### Data for analysis ###

lemma neg_deriv_decreasing:
  fixes f :: "real \<Rightarrow> real"
  assumes "\<And>x. (f has_real_derivative f' x) (at x)" "\<And>x. f' x < 0" "x < y"
  shows "f y < f x"
  using DERIV_neg_imp_decreasing[OF assms(3)] assms(1,2) by blast

lemma decreasing_conj_ne_square:
  fixes f h :: "real \<Rightarrow> real"
  assumes "bij h" and h_mono: "strict_mono h \<or> (\<forall>x y. x < y \<longrightarrow> h y < h x)"
    and f_dec: "\<forall>x y. x < y \<longrightarrow> f y < f x"
  shows "h \<circ> f \<circ> inv h \<noteq> f \<circ> f"
proof
  assume eq: "h \<circ> f \<circ> inv h = f \<circ> f"
  define u v where "u = inv h 0" and "v = inv h 1"
  have "h u = 0" "h v = 1"
    using assms(1) by (simp_all add: u_def v_def bij_is_surj surj_f_inv_f)
  from h_mono have "h (f v) < h (f u)"
  proof
    assume "strict_mono h"
    then have "u < v"
      using \<open>h u = 0\<close> \<open>h v = 1\<close> by (metis not_less strict_mono_less_eq zero_less_one)
    then show ?thesis
      using f_dec \<open>strict_mono h\<close> by (simp add: strict_mono_less)
  next
    assume h_dec: "\<forall>x y. x < y \<longrightarrow> h y < h x"
    have "v < u"
    proof (rule ccontr)
      assume "\<not> v < u"
      then have "u < v \<or> u = v"
        by auto
      then show False
        using h_dec \<open>h u = 0\<close> \<open>h v = 1\<close> by force
    qed
    then show ?thesis
      using f_dec h_dec by blast
  qed
  moreover have "f (f 0) < f (f 1)"
    using f_dec by simp
  ultimately show False
    using fun_cong[OF eq, of 0] fun_cong[OF eq, of 1] by (simp add: u_def v_def)
qed

lemma conj_to_square_of_comp:
  assumes "bij h" "h \<circ> f \<circ> inv h = f \<circ> f"
  shows "conj_to_square h f"
  unfolding conj_to_square_def
proof
  fix x
  show "h (f x) = f (f (h x))"
    using fun_cong[OF assms(2), of "h x"] inv_f_f[OF bij_is_inj[OF assms(1)]] by simp
qed

lemma C1_diffeo_conj_to_square_increasing:
  assumes f: "C1_diffeo f" and h: "C1_diffeo h" and rel: "h \<circ> f \<circ> inv h = f \<circ> f"
  shows "incr_homeo f" "C1_pos_deriv f"
proof -
  obtain f' where df: "\<And>x. (f has_real_derivative f' x) (at x)" "continuous_on UNIV f'"
    and f_sign: "(\<forall>x. 0 < f' x) \<or> (\<forall>x. f' x < 0)"
    using C1_diffeo_derivative_sign[OF f] by blast
  obtain h' where dh: "\<And>x. (h has_real_derivative h' x) (at x)" "continuous_on UNIV h'"
    and h_sign: "(\<forall>x. 0 < h' x) \<or> (\<forall>x. h' x < 0)"
    using C1_diffeo_derivative_sign[OF h] by blast
  have "strict_mono h \<or> (\<forall>x y. x < y \<longrightarrow> h y < h x)"
    using h_sign pos_deriv_strict_mono[OF dh(1)] neg_deriv_decreasing[OF dh(1)] by blast
  moreover have "bij h"
    using h by (simp add: C1_diffeo_def)
  ultimately have "\<not> (\<forall>x y. x < y \<longrightarrow> f y < f x)"
    using decreasing_conj_ne_square rel by blast
  then have "\<forall>x. 0 < f' x"
    using f_sign neg_deriv_decreasing[OF df(1)] by blast
  then show "C1_pos_deriv f"
    unfolding C1_pos_deriv_def using df by blast
  have "strict_mono f"
    using pos_deriv_strict_mono[OF df(1)] \<open>\<forall>x. 0 < f' x\<close> by blast
  then show "incr_homeo f"
    using f by (simp add: incr_homeo_def C1_diffeo_def C1_real_continuous)
qed
lemma gdist_skip_ge_2:
  assumes G: "fin_simple_connected_graph V E" and xs: "is_seq V xs"
    and d: "1 \<le> d" "d + 1 < length xs" and ell_eq: "ell E (del_at d xs) = ell E xs"
  shows "2 \<le> gdist E (xs ! (d - 1)) (xs ! (d + 1))"
proof -
  have "1 \<le> gdist E (xs ! (d - 1)) (xs ! d)"
    using gdist_nth_Suc_pos[OF G xs, of "d - 1"] d by simp
  moreover have "1 \<le> gdist E (xs ! d) (xs ! (d + 1))"
    using gdist_nth_Suc_pos[OF G xs, of d] d by simp
  ultimately show ?thesis
    using ell_del_at[OF d, of E] ell_eq by simp
qed

definition ell_prefix_sum :: "('v \<Rightarrow> 'v \<Rightarrow> bool) \<Rightarrow> nat \<Rightarrow> 'v list \<Rightarrow> nat" where
  "ell_prefix_sum E K xs = (\<Sum>j<K. ell E (take j xs))"

lemma ell_take_replace:
  assumes A: "A \<noteq> []"
    and geod: "gdist E (last A) w + gdist E w z = gdist E (last A) v + gdist E v z"
  shows "ell E (take j (A @ w # z # C)) + (if j = length A + 1 then gdist E (last A) v else 0)
    = ell E (take j (A @ v # z # C)) + (if j = length A + 1 then gdist E (last A) w else 0)"
proof -
  have "j \<le> length A \<or> j = length A + 1 \<or> (\<exists>t. j = length A + 2 + t)"
    by presburger
  then consider "j \<le> length A" | "j = length A + 1" | t where "j = length A + 2 + t"
    by blast
  then show ?thesis
  proof cases
    case 3
    then have "take j (A @ u # z # C) = A @ u # z # take t C" for u
      by simp
    then show ?thesis
      using 3 geod by (simp add: ell_append_Cons[OF A])
  qed (auto simp: ell_append_Cons[OF A])
qed

lemma ell_prefix_sum_replace:
  assumes A: "A \<noteq> []" and K: "length A + 1 < K"
    and ell_eq: "ell E (A @ v # z # C) = ell E (A @ w # z # C)"
  shows "ell_prefix_sum E K (A @ w # z # C) + gdist E (last A) v
    = ell_prefix_sum E K (A @ v # z # C) + gdist E (last A) w"
proof -
  have geod: "gdist E (last A) w + gdist E w z = gdist E (last A) v + gdist E v z"
    using ell_eq by (simp add: ell_append_Cons[OF A])
  have "(\<Sum>j<K. ell E (take j (A @ w # z # C)) + (if j = length A + 1 then gdist E (last A) v else 0))
    = (\<Sum>j<K. ell E (take j (A @ v # z # C)) + (if j = length A + 1 then gdist E (last A) w else 0))"
    using ell_take_replace[OF A geod] by (intro sum.cong) auto
  then show ?thesis
    unfolding ell_prefix_sum_def sum.distrib using K by simp
qed

lemma ell_prefix_sum_replace_nth:
  assumes "1 \<le> d" "d + 1 < length xs" "d + 1 < K"
    and "ell E (take d xs @ v # drop (d + 1) xs) = ell E xs"
  shows "ell_prefix_sum E K xs + gdist E (xs ! (d - 1)) v
    = ell_prefix_sum E K (take d xs @ v # drop (d + 1) xs) + gdist E (xs ! (d - 1)) (xs ! d)"
proof -
  define A z C where "A = take d xs" and "z = xs ! (d + 1)" and "C = drop (d + 2) xs"
  have xs: "xs = A @ xs ! d # z # C"
    unfolding A_def z_def C_def using take_Suc_append_nth_Cons_drop[OF assms(2)] .
  have drop: "drop (d + 1) xs = z # C"
    unfolding z_def C_def using assms(2) by (metis Cons_nth_drop_Suc Suc_eq_plus1 add_2_eq_Suc')
  have A: "A \<noteq> []" "last A = xs ! (d - 1)" "length A + 1 < K"
    unfolding A_def using assms(1-3) by (auto simp: last_take_nth)
  have "ell E (A @ v # z # C) = ell E (A @ xs ! d # z # C)"
    using assms(4) xs unfolding drop A_def by simp
  from ell_prefix_sum_replace[OF A(1,3) this] show ?thesis
    using xs unfolding drop A_def[symmetric] A(2) by simp
qed

lemma matching_gamma_edge: "is_matching V E M \<Longrightarrow> (x, y) \<in> M \<Longrightarrow> gamma_edge V E x y"
  unfolding is_matching_def by blast

lemma gamma_edge_length: "gamma_edge V E x y \<Longrightarrow> length x = length y + 1"
  unfolding gamma_edge_def by (auto simp: length_del_at)

lemma matching_unique:
  assumes "is_matching V E M" "(x, y) \<in> M" "(x', y') \<in> M"
    and "x = x' \<or> x = y' \<or> y = x' \<or> y = y'"
  shows "x = x' \<and> y = y'"
proof (rule ccontr)
  assume "\<not> (x = x' \<and> y = y')"
  then have "{x, y} \<inter> {x', y'} = {}"
    using assms(1-3) unfolding is_matching_def by fastforce
  then show False
    using assms(4) by auto
qed

lemma prefix_matching_is_matching: "prefix_matching V E M \<Longrightarrow> is_matching V E M"
  unfolding prefix_matching_def by simp

lemma prefix_matching_del_at:
  assumes "prefix_matching V E M" "is_seq V x" "(x, del_at i x) \<in> M" "is_seq V y"
    and "take (i + 2) y = take (i + 2) x"
  shows "(y, del_at i y) \<in> M"
  using assms has_state.simps(3)[of M _ i] unfolding prefix_matching_def by blast

lemma prefix_matching_ins_after:
  assumes "prefix_matching V E M" "is_seq V x" "(ins_after i v x, x) \<in> M" "is_seq V y"
    and "take (i + 2) y = take (i + 2) x"
  shows "(ins_after i v y, y) \<in> M"
  using assms has_state.simps(2)[of M _ i v] unfolding prefix_matching_def by blast

text \<open>A matching of such a prefix would propagate to \<open>a\<close> and clash with its deletion at \<open>e\<close>.\<close>

lemma take_unmatched_before_del:
  assumes PM: "prefix_matching V E M" and a: "is_seq V a" "(a, del_at e a) \<in> M" "e + 1 < length a"
    and m: "m \<le> e + 1"
  shows "has_state M (take m a) Unmatched"
proof (rule ccontr)
  have IM: "is_matching V E M"
    using PM by (rule prefix_matching_is_matching)
  assume "\<not> has_state M (take m a) Unmatched"
  then obtain z where "(take m a, z) \<in> M \<or> (z, take m a) \<in> M"
    by auto
  then show False
  proof
    assume del: "(take m a, z) \<in> M"
    then obtain j where j: "1 \<le> j" "j + 1 < length (take m a)" "z = del_at j (take m a)"
      and seq: "is_seq V (take m a)"
      using matching_gamma_edge[OF IM] unfolding gamma_edge_def by blast
    have "j + 2 \<le> m"
      using j(2) by simp
    then have "take (j + 2) a = take (j + 2) (take m a)"
      by (simp add: min_def)
    then have "(a, del_at j a) \<in> M"
      using prefix_matching_del_at[OF PM seq _ a(1)] del j(3) by simp
    from matching_unique[OF IM this a(2)] have "del_at j a = del_at e a"
      by blast
    moreover have "j < e"
      using j m by simp
    ultimately show False
      using del_at_neq[OF a(1), of j e] a(3) by simp
  next
    assume ins: "(z, take m a) \<in> M"
    then obtain j where j: "1 \<le> j" "j + 1 < length z" "take m a = del_at j z"
      and seq: "is_seq V (take m a)"
      using matching_gamma_edge[OF IM] unfolding gamma_edge_def by blast
    have "length z = length (take m a) + 1"
      using j by (simp add: length_del_at)
    then have "j - 1 + 2 \<le> m"
      using j(1,2) by simp
    then have "take (j - 1 + 2) a = take (j - 1 + 2) (take m a)"
      by (simp add: min_def)
    moreover have "ins_after (j - 1) (z ! j) (take m a) = z"
      using ins_after_del_at[of j z] j(1,2) unfolding j(3) by simp
    then have "(ins_after (j - 1) (z ! j) (take m a), take m a) \<in> M"
      using ins by simp
    ultimately have "(ins_after (j - 1) (z ! j) a, a) \<in> M"
      using prefix_matching_ins_after[OF PM seq _ a(1)] by blast
    from matching_unique[OF IM this a(2)] have "ins_after (j - 1) (z ! j) a = a"
      by blast
    then have "length a + 1 = length a"
      by (metis length_ins_after)
    then show False
      by simp
  qed
qed

lemma del_position_le:
  assumes PM: "prefix_matching V E M" and a: "is_seq V a" "(a, del_at e a) \<in> M"
    and d: "d < length a" and b: "(a', del_at d a) \<in> M"
  shows "d \<le> e + 1"
proof (rule ccontr)
  have IM: "is_matching V E M"
    using PM by (rule prefix_matching_is_matching)
  have edge: "gamma_edge V E a' (del_at d a)"
    using IM b by (rule matching_gamma_edge)
  then have seq: "is_seq V (del_at d a)"
    unfolding gamma_edge_def by blast
  assume "\<not> d \<le> e + 1"
  then have "take (e + 2) (del_at d a) = take (e + 2) a"
    unfolding del_at_def by (simp add: min_def)
  with prefix_matching_del_at[OF PM a seq]
  have "(del_at d a, del_at e (del_at d a)) \<in> M"
    by blast
  from matching_unique[OF IM this b] have "del_at d a = a'"
    by blast
  moreover have "length a' = length (del_at d a) + 1"
    using edge by (rule gamma_edge_length)
  ultimately show False
    by simp
qed

text \<open>Validity makes \<open>F\<close> vanish on \<open>(x_0, \<dots>, x_{k-1}, v)\<close>, so diagonality bounds its last step.\<close>

lemma diagonal_rule_Iota_near:
  assumes diag: "diagonal_rule V E F M" and x: "is_seq V x" "F x = Iota v"
    and unm: "has_state M (butlast x) Unmatched"
  shows "gdist E (x ! (length x - 2)) v \<le> 1"
proof -
  let ?y = "butlast x @ [v]"
  have val: "2 \<le> length x" "v \<in> V" "v \<noteq> x ! (length x - 2)" "F ?y = Eps"
    using diag x unfolding diagonal_rule_def valid_rule_def by blast+
  have "butlast x \<noteq> []"
    using val(1) by (cases x rule: rev_cases) auto
  then have "last (butlast x) = x ! (length x - 2)"
    using val(1) by (simp add: last_conv_nth nth_butlast numeral_2_eq_2)
  then have "is_seq V ?y"
    using is_seq_snoc[of V "butlast x" v] is_seq_take[OF x(1), of "length x - 1"] val(1-3)
    by (simp add: butlast_conv_take)
  moreover have "2 \<le> length ?y" "has_state M (butlast ?y) Unmatched"
    using val(1) unm by auto
  ultimately have "\<not> 2 \<le> gdist E (?y ! (length ?y - 2)) (last ?y)"
    using diag val(4) unfolding diagonal_rule_def by blast
  moreover have "?y ! (length ?y - 2) = x ! (length x - 2)"
    using val(1) by (auto simp: nth_append nth_butlast numeral_2_eq_2)
  ultimately show ?thesis
    by simp
qed
text \<open>With \<open>g = A + g\<^sub>0\<close> for a large constant \<open>A\<close> the initial condition holds automatically, and
  the bounds on \<open>E\<close> remove it from the statement.\<close>
lemma volterra_bound_powr_weight:
  fixes x f g0 g01 f1 :: "real \<Rightarrow> real"
  assumes R: "1 \<le> R" and eps: "0 < \<epsilon>" and c: "0 \<le> c" and a: "0 \<le> a" and K: "0 \<le> K"
    and xnn: "\<And>t. t \<ge> R \<Longrightarrow> 0 \<le> x t"
    and xint: "\<And>t. t \<ge> R \<Longrightarrow> set_integrable lborel {R..t} x"
    and sub: "\<And>t. t \<ge> R \<Longrightarrow>
      x t \<le> f t + K/t + (1/t) * (LINT s:{R..t}|lborel. (1 + a + c * s powr (-\<epsilon>)) * x s)"
    and dg: "\<And>s. s \<ge> R \<Longrightarrow> (g0 has_real_derivative g01 s) (at s)"
    and g01: "\<And>s. s \<ge> R \<Longrightarrow> 0 \<le> g01 s"
    and g0: "\<And>s. s \<ge> R \<Longrightarrow> g0 R \<le> g0 s"
    and df: "\<And>s. s \<ge> R \<Longrightarrow> ((\<lambda>s. s * f s) has_real_derivative f1 s) (at s)"
    and hf: "\<And>s. s \<ge> R \<Longrightarrow> f1 s \<le> exp (-(c/\<epsilon>)) * s powr (1 + a) * g01 s"
    and f: "continuous_on {R..} f" and fpos: "\<And>t. t \<ge> R \<Longrightarrow> 0 < f t"
  shows "\<exists>A. \<forall>t\<ge>R. x t \<le> t powr a * (A + g0 t)"
proof -
  define e0 where "e0 = exp (-(c/\<epsilon>))"
  define A where "A = (R * f R + K) / (e0 * R powr (1 + a)) + 1 - g0 R"
  have e0: "0 < e0" and R0: "0 < R" and Rp: "0 < R powr (1 + a)"
    using R by (simp_all add: e0_def)
  have Rf: "0 \<le> R * f R + K" using fpos[of R] R0 K by simp
  have gpos: "0 < A + g0 s" if "s \<ge> R" for s
    using g0[OF that] Rf e0 Rp unfolding A_def by (smt (verit) divide_nonneg_pos mult_pos_pos)
  have E: "e0 \<le> correction_factor c \<epsilon> s" "correction_factor c \<epsilon> s \<le> 1" if "s \<ge> R" for s
    using correction_factor_bounds[of s \<epsilon> c] that R eps c unfolding e0_def by auto
  have "x t \<le> t powr a * (A + g0 t)" if t: "t \<ge> R" for t
  proof -
    have "x t \<le> t powr a * correction_factor c \<epsilon> t * (A + g0 t)"
    proof (rule volterra_bound_weighted[where g="\<lambda>s. A + g0 s", OF R0 eps c a K t xnn xint sub _ gpos df _ f fpos])
      show "((\<lambda>s. A + g0 s) has_real_derivative g01 s) (at s)" if "s \<ge> R" for s
        using DERIV_add[OF DERIV_const dg[OF that]] by simp
      show "f1 s \<le> s powr (1 + a) * correction_factor c \<epsilon> s * g01 s" if s: "s \<ge> R" for s
        using order_trans[OF hf[OF s, folded e0_def] mult_right_mono[OF mult_right_mono[OF E(1)[OF s]]]] g01[OF s]
        by (simp add: mult_ac)
      have "R * f R + K \<le> e0 * R powr (1 + a) * (A + g0 R)"
        unfolding A_def using e0 Rp Rf by (simp add: field_simps)
      also have "\<dots> \<le> correction_factor c \<epsilon> R * R powr (1 + a) * (A + g0 R)"
        using E(1)[of R] gpos[of R] Rp by (intro mult_right_mono) auto
      also have "\<dots> = R * (R powr a * correction_factor c \<epsilon> R * (A + g0 R))"
        using R0 by (simp add: powr_add mult_ac)
      finally show "K \<le> R * (R powr a * correction_factor c \<epsilon> R * (A + g0 R)) - R * f R" by simp
    qed
    also have "\<dots> \<le> t powr a * 1 * (A + g0 t)"
      using E(2)[OF t] gpos[OF t] by (intro mult_right_mono mult_left_mono) auto
    finally show ?thesis by simp
  qed
  then show ?thesis by blast
qed
lemma hausdorff_ge_if_not_rel_set:
  assumes "finite A" "finite B" "symp R" "\<not> rel_set R A B" "c \<le> 1"
    and "\<And>p q. \<not> R p q \<Longrightarrow> c \<le> e p q"
  shows "c \<le> hausdorff e A B"
proof -
  have one_side: "c \<le> sup0 ((\<lambda>p. inf1 (e p ` B')) ` A')"
    if "finite A'" "finite B'" "p \<in> A'" "\<forall>q\<in>B'. \<not> R p q" for A' B' p
  proof (rule le_sup0)
    show "c \<le> inf1 (e p ` B')" using that assms(5,6) by (auto intro: le_inf1)
  qed (use that in auto)
  have "(\<exists>p\<in>A. \<forall>q\<in>B. \<not> R p q) \<or> (\<exists>q\<in>B. \<forall>p\<in>A. \<not> R q p)"
    using assms(3,4) unfolding rel_set_def by (meson sympD)
  then show ?thesis
    unfolding hausdorff_def using one_side assms(1,2) by (meson max.coboundedI1 max.coboundedI2)
qed

lemma hausdorff_le_one:
  assumes "finite A" "finite B" "\<And>p q. e p q \<le> 1"
  shows "hausdorff e A B \<le> 1"
proof -
  have "inf1 (e p ` C) \<le> 1" if "finite C" for p C
  proof (cases "C = {}")
    case False
    then obtain q where "q \<in> C" by blast
    then show ?thesis using that assms(3) by (auto intro: inf1_le)
  qed (simp add: inf1_def)
  then show ?thesis unfolding hausdorff_def using assms by (auto intro!: sup0_le)
qed

lemma hausdorff_nonneg:
  assumes "finite A" "finite B" "\<And>p q. 0 \<le> e p q"
  shows "0 \<le> hausdorff e A B"
proof (cases "A = {}")
  case False
  then obtain p where "p \<in> A" by blast
  moreover have "0 \<le> inf1 (e p ` B)" using assms by (auto intro: le_inf1)
  ultimately have "0 \<le> sup0 ((\<lambda>p. inf1 (e p ` B)) ` A)"
    using assms(1) by (auto intro: le_sup0)
  then show ?thesis unfolding hausdorff_def by simp
qed (simp add: hausdorff_def sup0_def)

lemma lift_dist_le:
  "(\<And>x y. r x y \<Longrightarrow> d x y \<le> 2 * c) \<Longrightarrow> 0 \<le> c \<Longrightarrow> lift_rel r p q \<Longrightarrow> lift_dist d p q \<le> c"
  by (induction r p q rule: lift_rel.induct) (fastforce simp: mult.commute)+

lemma lift_dist_ge:
  "(\<And>x y. \<not> r x y \<Longrightarrow> 2 * c \<le> d x y) \<Longrightarrow> c \<le> 1 \<Longrightarrow> \<not> lift_rel r p q \<Longrightarrow> c \<le> lift_dist d p q"
  by (induction r p q rule: lift_rel.induct) (fastforce simp: mult.commute)+

lemma lift_dist_nonneg: "(\<And>x y. 0 \<le> d x y) \<Longrightarrow> 0 \<le> lift_dist d p q"
  by (induction d p q rule: lift_dist.induct) auto

lemma lift_dist_le_one: "(\<And>x y. d x y \<le> 2) \<Longrightarrow> lift_dist d p q \<le> 1"
  by (induction d p q rule: lift_dist.induct) auto

lemma Phi_le_if_strat_bisim:
  assumes "prechart \<beta>" "strat_bisim \<beta> (Suc k) x y" "0 \<le> c"
    and "\<And>x' y'. strat_bisim \<beta> k x' y' \<Longrightarrow> d x' y' \<le> 2 * c"
  shows "Phi \<beta> d x y \<le> c"
  unfolding Phi_def
proof (rule hausdorff_le_if_rel_set)
  show "rel_set (lift_rel (strat_bisim \<beta> k)) (\<beta> x) (\<beta> y)"
    using assms(2) by (simp add: strat_bisim_Suc_iff_rel_set)
qed (use assms in \<open>auto simp: prechart_def symp_lift_rel_strat_bisim intro: lift_dist_le\<close>)

lemma Phi_ge_if_not_strat_bisim:
  assumes "prechart \<beta>" "\<not> strat_bisim \<beta> (Suc k) x y" "c \<le> 1"
    and "\<And>x' y'. \<not> strat_bisim \<beta> k x' y' \<Longrightarrow> 2 * c \<le> d x' y'"
  shows "c \<le> Phi \<beta> d x y"
  unfolding Phi_def
proof (rule hausdorff_ge_if_not_rel_set)
  show "\<not> rel_set (lift_rel (strat_bisim \<beta> k)) (\<beta> x) (\<beta> y)"
    using assms(2) by (simp add: strat_bisim_Suc_iff_rel_set)
qed (use assms in \<open>auto simp: prechart_def symp_lift_rel_strat_bisim intro: lift_dist_ge\<close>)

lemma Phi_le_one: "prechart \<beta> \<Longrightarrow> (\<And>x y. d x y \<le> 2) \<Longrightarrow> Phi \<beta> d x y \<le> 1"
  unfolding Phi_def prechart_def by (intro hausdorff_le_one lift_dist_le_one) auto

lemma Phi_nonneg: "prechart \<beta> \<Longrightarrow> (\<And>x y. 0 \<le> d x y) \<Longrightarrow> 0 \<le> Phi \<beta> d x y"
  unfolding Phi_def prechart_def by (intro hausdorff_nonneg lift_dist_nonneg) auto

lemma fixpoint_Phi_ge_if_not_strat_bisim:
  assumes "prechart \<beta>" "Phi \<beta> d = d"
  shows "\<not> strat_bisim \<beta> k x y \<Longrightarrow> 2 * (1/2) ^ k \<le> d x y"
proof (induction k arbitrary: x y)
  case (Suc k)
  then have "(1/2) ^ k \<le> Phi \<beta> d x y"
    using assms(1) by (intro Phi_ge_if_not_strat_bisim) (auto simp: power_le_one)
  then show ?case using assms(2) by simp
qed simp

###

For each line above that contains the word "gpos", give the line as it is written.

* Output of the exercise *
  have gpos: "0 < A + g0 s" if "s \<ge> R" for s
    proof (rule volterra_bound_weighted[where g="\<lambda>s. A + g0 s", OF R0 eps c a K t xnn xint sub _ gpos df _ f fpos])
        using E(1)[of R] gpos[of R] Rp by (intro mult_right_mono) auto
      using E(2)[OF t] gpos[OF t] by (intro mult_right_mono mult_left_mono) auto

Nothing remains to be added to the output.